Le silence s'installa à ma question. Aucun d'eux ne bougea, juste en me regardant longuement ; le dragon avec stupeur, Oné avec exaspération.

Mais enfin... Pas dans ce sens, me révéla alors Anéon, encore sous le choc. Je voulais seulement m'assurer que c'était sûr si tu nous accompagnais.

  • Ah ! m'exclamai-je en frottant maladroitement mes cheveux, embêté.
  • Ah ? Seulement "ah" ?! cria alors Oné en se postant devant moi, ses yeux bleus lançant des éclairs. Tu te rends compte que ça a failli mal tourner !
  • Ce qui n'est pas arrivé ! lui rappelai-je en plaçant mes mains devant moi pour maintenir une certaine distance de sécurité pour ma tête et mes oreilles qu'elle affectionnait pour me punir. Tout s'est très bien terminé finalement !

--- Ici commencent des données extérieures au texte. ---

(* For every $\lambda\in\mathbb{C}$, $$\det\left(\mathbf{P}_2^{-1}\mathbf{K}-\lambda I_{2m+n}\right)=(1-\lambda)^{2m}\det\left(B^{-1}H-\lambda I_n\right).$$ Consequently $\mathbf{P}_2^{-1}\mathbf{K}$ has the same eigenvalues (with algebraic multiplicities) as $\mathbf{P}_4^{-1}\mathbf{K}$: the value $1$ with multiplicity (at least) $2m$ together with the eigenvalues of $B^{-1}H$.
   Context: Let $m,n\ge 1$. Let $R_u\in\mathbb{R}^{m\times m}$ be invertible, $R_z\in\mathbb{R}^{m\times n}$, $L_{uu}\in\mathbb{R}^{m\times m}$ symmetric, $L_{uz}\in\mathbb{R}^{m\times n}$, $L_{zu}:=L_{uz}^T$, $L_{zz}\in\mathbb{R}^{n\times n}$ symmetric, and $B\in\mathbb{R}^{n\times n}$ invertible. Write $R_u^{-T}:=(R_u^{-1})^T$. Define the reduced Hessian $H:=L_{zz}-L_{zu}R_u^{-1}R_z-R_z^TR_u^{-T}L_{uz}+R_z^TR_u^{-T}L_{uu}R_u^{-1}R_z$. The KKT matrix is $\mathbf{K}:=\begin{bmatrix} L_{uu} & L_{uz} & R_u^T\\ L_{zu} & L_{zz} & R_z^T\\ R_u & R_z & 0\end{bmatrix}$ and $\mathbf{P}_2:=\begin{bmatrix} 0 & 0 & R_u^T\\ 0 & B & R_z^T\\ R_u & R_z & 0\end{bmatrix}$. $\mathbf{P}_4:=\mathbf{K}_1\mathbf{K}_2$ with $\mathbf{K}_1=\begin{bmatrix} L_{uu}R_u^{-1} & 0 & I_m\\ L_{zu}R_u^{-1} & I_n & R_z^TR_u^{-T}\\ I_m & 0 & 0\end{bmatrix}$, $\mathbf{K}_2=\begin{bmatrix} R_u & R_z & 0\\ 0 & B & 0\\ 0 & L_{uz}-L_{uu}R_u^{-1}R_z & R_u^T\end{bmatrix}$. *)

theory Defs
  imports "Jordan_Normal_Form.Determinant" "Jordan_Normal_Form.Char_Poly"
begin

text \<open>Two-sided inverse of a square matrix (arbitrary if none exists).\<close>
definition minv :: "'a :: comm_ring_1 mat \<Rightarrow> 'a mat" where
  "minv A = (SOME C. C \<in> carrier_mat (dim_row A) (dim_row A) \<and>
               A * C = 1\<^sub>m (dim_row A) \<and> C * A = 1\<^sub>m (dim_row A))"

Ma remarque n'eut pas l'air de bien lui plaire, et je la voyais ouvrir la bouche pour continuer, mais Anéon intervint dans un claquement sonore de mâchoire, qui eut comme bon résultat de la faire taire.

J'aimerai autant qu'on ne s'étale sur le sujet plus que nécessaire, gronda-t-il avant de ne regarder seulement que moi. Passons à toi maintenant.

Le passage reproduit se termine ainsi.